This vignette reproduces the weather example described in Puchhammer, Wilms and Filzmoser (2025). The original data is from Geosphere Austria (2022) and included in this package.
library(ssMRCD)
library(ggplot2)
library(dplyr)
#>
#> Attaching package: 'dplyr'
#> The following objects are masked from 'package:stats':
#>
#> filter, lag
#> The following objects are masked from 'package:base':
#>
#> intersect, setdiff, setequal, unionThe original data from GeoSphere Austria (2022) is pre-cleaned and
saved in the data frame object weatherAUT2021. Additional
information can be found on the helping page.
# load the data
data("weatherAUT2021")
# inspect the data
head(weatherAUT2021)
#> p s vv t rsum rel name lon lat alt
#> 1 941.35 154.5 2.15 6.15 49.5 77.5 AIGEN/ENNSTAL 14.13833 47.53278 641
#> 2 945.80 172.5 2.95 6.25 39.5 76.0 ALLENTSTEIG 15.36694 48.69083 599
#> 3 985.50 152.0 2.55 8.20 46.5 78.0 AMSTETTEN 14.89500 48.10889 266
#> 4 893.20 123.5 1.85 5.10 66.0 74.5 BAD GASTEIN 13.13333 47.11055 1092
#> 5 984.50 176.0 1.50 8.45 40.5 75.0 BAD GLEICHENBERG 15.90361 46.87222 269
#> 6 992.05 188.5 2.20 8.95 60.5 77.0 BAD RADKERSBURG 15.99333 46.69222 207
# select variables, station names and number of observations
data = weatherAUT2021 %>% select(p:rel)
stations = weatherAUT2021$name
n = dim(data)[1]The predefined groups are based in the underlying geographical landscape consisting of Alpine mountains, hills and flatter areas in Austria.
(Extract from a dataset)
(* Let $K$ be a commutative field and $q\in K$. On $\mathcal{H}_{\mathcal{PP}}$ define the bilinear form $\langle-,-\rangle_q$ by, for plane posets $P,Q$, $$\langle P,Q\rangle_q=\begin{cases}q^{\phi(P,Q)}&\text{if }\iota(P)\leq Q,\\ 0&\text{otherwise,}\end{cases}$$ where, for $P,Q$ of the same cardinality, $$\phi(P,Q)=\sharp\{(x,y)\in P^2\mid x<_r y\text{ and }\theta_{P,Q}(x)<_h\theta_{P,Q}(y)\}+\sharp\{(x,y)\in P^2\mid x<_h y\text{ and }\theta_{P,Q}(x)<_r\theta_{P,Q}(y)\}$$ (with $q^0=1$). Then $\langle-,-\rangle_q$ is symmetric and is a Hopf pairing on $(\mathcal{H}_{\mathcal{PP}},m,\Delta_q)$, i.e. $\langle xy,z\rangle_q=\langle x\otimes y,\Delta_q(z)\rangle_q$ for all $x,y,z\in\mathcal{H}_{\mathcal{PP}}$ (where $\langle a\otimes b,c\otimes d\rangle_q=\langle a,c\rangle_q\langle b,d\rangle_q$). Moreover, it is nondegenerate if and only if $q\neq 0$.
   Context: A plane poset is a finite set with two partial orders $\leq_h,\leq_r$ such that two distinct elements are $\leq_h$-comparable iff they are not $\leq_r$-comparable, considered up to isomorphism; $\mathcal{H}_{\mathcal{PP}}$ is the $K$-vector space with basis the isomorphism classes of plane posets, the empty one denoted $1$. On a plane poset, $x\leq y$ iff ($x\leq_h y$ or $x\leq_r y$) is a total order (known fact). For $P,Q$ of the same cardinality, $\theta_{P,Q}$ is the increasing bijection $P\to Q$, and $P\leq Q$ means: for all $x,y\in P$, $\theta_{P,Q}(x)\leq_h\theta_{P,Q}(y)$ in $Q$ implies $x\leq_h y$ in $P$ ($\leq$ only holds between posets of equal cardinality). $\iota(P)=(P,\leq_r,\leq_h)$. The product $m$: $PQ$ is the plane poset on $P\sqcup Q$ with $P,Q$ plane subposets, no $\leq_h$-comparability between $P$ and $Q$, and $x<_r y$ for $x\in P,y\in Q$, extended bilinearly. A biideal of $P$ is a subset $I$ with $x\in I$ and ($x\leq_h y$ or $x\leq_r y$) implying $y\in I$. The coproduct is $\Delta_q(P)=\sum_{I\text{ biideal of }P}q^{h(P\setminus I,I)}(P\setminus I)\otimes I$ with $h(A,B)=\sharp\{(x,y)\in A\times B\mid x<_h y\}$, $P\setminus I$ and $I$ carrying the restricted orders. *)

theory Defs
  imports Main "HOL-Library.Poly_Mapping"
begin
# build 5 groups of observations based on spatial proximity and geography
cut_lon = c(min(weatherAUT2021$lon)-0.2, 12, 16, max(weatherAUT2021$lon) + 0.2)
cut_lat = c(min(weatherAUT2021$lat)-0.2, 48, max(weatherAUT2021$lat) + 0.2)
groups = ssMRCD::groups_gridbased(weatherAUT2021$lon,
weatherAUT2021$lat,
cut_lon,
cut_lat)
N = length(unique(groups))
table(groups)
#> groups
#> 1 2 3 4 5
#> 31 80 35 16 21# calculate MG-GMM
model = cellMGGMM(X = data, groups = groups,
nsteps = 100, alpha = 0.5,
maxcond = 100)
#> Iteration finished due to computational inaccuracies (increase of objective function in last step of size: 0.000119383117635152). Check convergence plot.# mixture probabilities
cat("Pi (in %):\n")
#> Pi (in %):
round(model$pi_groups*100, 2)
#> 1 2 3 4 5
#> 1 100.00 0.00 0.00 0.00 0.00
#> 2 24.97 71.95 0.00 3.08 0.00
#> 3 0.00 0.00 94.02 5.98 0.00
#> 4 12.48 0.00 5.83 64.57 17.11
#> 5 0.00 0.00 9.01 15.35 75.64# percentage of outliers
cat("% Outliers per group and variable:\n")
#> % Outliers per group and variable:
round(sapply(1:N, function(x) colMeans(1-model$W[groups == x, ]))*100, 2)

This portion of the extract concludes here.